Il est fort possible que Portrait de la jeune fille en feu soit un des films les plus truffaldiens que l'on ait vu récemment sur les écrans de cinéma. Céline Sciamma assume ici pleinement ses inspirations esthétiques tout en se démarquant assurément de cette figure tutélaire. Pour preuve, le son du long-métrage, proprement remarquable, tant il met en valeur les éléments environnants. Les vagues de l’océan déferlent, le vent bruisse dans la Lande, les soupirs exhalent (et les corps exultent), les tissus se frôlent. Tout comme dans Les deux anglaises et le Continent ou L'histoire d'Adèle H, la réalisatrice nous fait comprendre que film en costume ne signifie aucunement rigidité ou formalisme vain. Ou alors se trompe-t-on, et faut-il voir dans ce romanesque échevelé un hommage aux films d'une Andrea Arnold, version Hauts de Hurlevent, ou d'une Jane Campion, dont le versant romantique n’est pas à démontrer.

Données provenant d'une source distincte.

(* Let $\theta>1$, $r\in(\theta^{-1},\theta^{-1/2}]$ and $s=\max\big(1,\frac{\ln\theta}{\ln(r\theta)}-2\big)$. Let $(P_1,\dots,P_n)$ be a random price sequence with values in $[1,\theta]$ whose maximum $P^*$ has law $F$, and let $Y$ be a random prediction with law $G$ on $[1,\theta]$, independent of the prices. Define $\Lambda(z)=\int\mathcal{E}(z,y)^s\,\mathrm{d}G(y)$ and $\Upsilon(y)=\frac{\int z\,\mathcal{E}(z,y)^s\,\mathrm{d}F(z)}{\mathbb{E}[P^*]}$. Then \[ \frac{\mathbb{E}[\mathsf{A}^1_r(P,Y)]}{\mathbb{E}[P^*]}\ \ge\ \frac1{r\theta}\int\Upsilon(y)\,\mathrm{d}G(y)\ =\ \frac{1}{r\theta}\int\frac{z\,\Lambda(z)}{\mathbb{E}[P^*]}\,\mathrm{d}F(z). \]
   Context: One-max search: fix $\theta>1$. Prices $p_1,\dots,p_n\in[1,\theta]$ are revealed one at a time; the algorithm receives at the start a prediction $y\in[1,\theta]$ of the maximum price. At each step it irrevocably accepts the current price (payoff = that price) or rejects it; if nothing is accepted the payoff is $1$. Let $\varphi_r(z)=\frac{r\theta-1}{1-r}+\frac{1-r^2\theta}{1-r}\cdot\frac{z}{r\theta}$ and $\Phi^1_r(z)=\max(r\theta,\varphi_r(z))$; $\mathsf{A}^1_r$ accepts the first price $p_i\ge\Phi^1_r(y)$, and $\mathsf{A}^1_r(P,Y)$ is its payoff on the realized prices and prediction. $\mathcal{E}(a,b)=\min\{a/b,b/a\}$. *)

theory Defs
  imports "HOL-Probability.Probability"
begin

definition Eff :: "real \<Rightarrow> real \<Rightarrow> real" where
  "Eff a b = min (a / b) (b / a)"

definition phi_r :: "real \<Rightarrow> real \<Rightarrow> real \<Rightarrow> real" where
  "phi_r \<theta> r z = (r * \<theta> - 1) / (1 - r) + (1 - r^2 * \<theta>) / (1 - r) * (z / (r * \<theta>))"

definition Phi1 :: "real \<Rightarrow> real \<Rightarrow> real \<Rightarrow> real" where
  "Phi1 \<theta> r z = max (r * \<theta>) (phi_r \<theta> r z)"

definition threshold_payoff :: "real \<Rightarrow> real list \<Rightarrow> real" where
  "threshold_payoff thr ps = (case find (\<lambda>p. thr \<le> p) ps of Some p \<Rightarrow> p | None \<Rightarrow> 1)"

definition A1 :: "real \<Rightarrow> real \<Rightarrow> real list \<Rightarrow> real \<Rightarrow> real" where
  "A1 \<theta> r ps y = threshold_payoff (Phi1 \<theta> r y) ps"

end

theory Submission
  imports Defs
begin

(*
  Write t = r * theta and P* for the maximal price.  Pointwise, P* * E(P*, Y)^s <= t * A(P, Y).
  If the threshold Phi(Y) is reached, the algorithm earns at least Phi(Y) >= phi(Y) >= Y / t, and
  P* * E^s <= Y.  Otherwise it earns 1, and P* < Phi(Y) together with
  P* * E^s <= min (Y, P*^(s+1) / Y^s) gives P* * E^s <= t: for Y > t this rests on
  phi(Y)^(s+1) <= t * Y^s on [t, theta], which holds at both ends (phi(t) = t, phi(theta) = theta / t,
  and theta <= t^(s+2) is how s was chosen) and in between because an affine map with positive
  coefficients is log-convex along geometric means.  Taking expectations, and computing
  E[P* * E(P*, Y)^s] as an iterated integral over the product of the laws of Y and P*, which are
  independent, gives the inequality and the equality of the two iterated integrals.
*)

section \<open>Elementary inequalities\<close>

lemma Holder_inequality_two_terms:
  fixes a b c d l :: real
  assumes "0 \<le> l" "l \<le> 1" "0 < a" "0 < b" "0 < c" "0 < d"
  shows "a powr (1-l) * b powr l + c powr (1-l) * d powr l \<le> (a+c) powr (1-l) * (b+d) powr l"
proof -
  have young_ac: "(a/(a+c)) powr (1-l) * (b/(b+d)) powr l \<le> (1-l) * (a/(a+c)) + l * (b/(b+d))"
    using assms by (intro Youngs_inequality_0) auto
  have young_bd: "(c/(a+c)) powr (1-l) * (d/(b+d)) powr l \<le> (1-l) * (c/(a+c)) + l * (d/(b+d))"
    using assms by (intro Youngs_inequality_0) auto
  have "a/(a+c) + c/(a+c) = 1" "b/(b+d) + d/(b+d) = 1"
    using assms by (simp_all add: add_divide_distrib[symmetric])
  then have "(1-l) * (a/(a+c)) + l * (b/(b+d)) + ((1-l) * (c/(a+c)) + l * (d/(b+d))) = 1"
    by (metis (no_types, opaque_lifting) add.commute add.left_commute distrib_left mult.right_neutral diff_add_cancel)
  then have "(a/(a+c)) powr (1-l) * (b/(b+d)) powr l + (c/(a+c)) powr (1-l) * (d/(b+d)) powr l \<le> 1"
    using young_ac young_bd by linarith
  also have "(a/(a+c)) powr (1-l) * (b/(b+d)) powr l + (c/(a+c)) powr (1-l) * (d/(b+d)) powr l
     = (a powr (1-l) * b powr l + c powr (1-l) * d powr l) / ((a+c) powr (1-l) * (b+d) powr l)"
    using assms by (simp add: powr_divide field_simps)
  finally show ?thesis
    using assms by (simp add: divide_le_eq)
qed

Un indice de plus pour nous signifier le féminisme assumé d'une metteuse en scène radicale et talentueuse, qui n'hésite pas à afficher de la nudité féminine sans que cela ne semble aguichant ou des baisers entre femmes hors d'une vision phallocentrée comme il est trop souvent d’usage. Car des femmes il n'y a que ça dans Portrait de la jeune fille en feu, mis à part quelques ombres masculines, anecdotiques, à la fin du film. Tout ceci ne fait qu'appuyer un propos simple, non seulement une passion lesbienne, magnifique et qui nous vrille l’âme lors d’une scène où la musique prend soudainement toute son ampleur, mais aussi une histoire de sororité. Le film nous raconte ainsi ces mariages arrangés ou forcés, ces femmes qui devaient avorter dans des conditions affreuses ou qui devaient abandonner leur pays d'origine. Si le propos est éminemment d’actualité, il est aussi de bon ton de mettre ici les pendules à l’heure sur ces peintres femmes, nombreuses figures que l’Histoire a oubliées.
Et en fait pourquoi chercher dans Portrait de la jeune fille en feu des références extérieures quand on est en présence d’une réalisatrice aussi singulière que Céline Sciamma ? Elle porte ici un regard plein d’attentions sur son ancienne compagne Adèle Haenel, qui trouve ici un rôle à sa mesure et construit définitivement un très beau parcours d’actrice. La découverte du personnage par le spectateur est épatante, tant on l’attend durant de nombreuse scènes avant que sa silhouette, puis son visage, ne nous soient progressivement dévoilés. En face d’elle une actrice prodigieuse est de tous les plans, il s’agit de Noémie Merlant. Celle que pour l’instant nous avons vu notamment chez Marie-Castille Mention-Schaar effectue ici une performance d’actrice tout en nuance, ne s’imposant jamais tout en étant de tous les plans. Elle démontre un talent certain, et l’on ne manquera pas de suivre sa carrière pleine de promesses.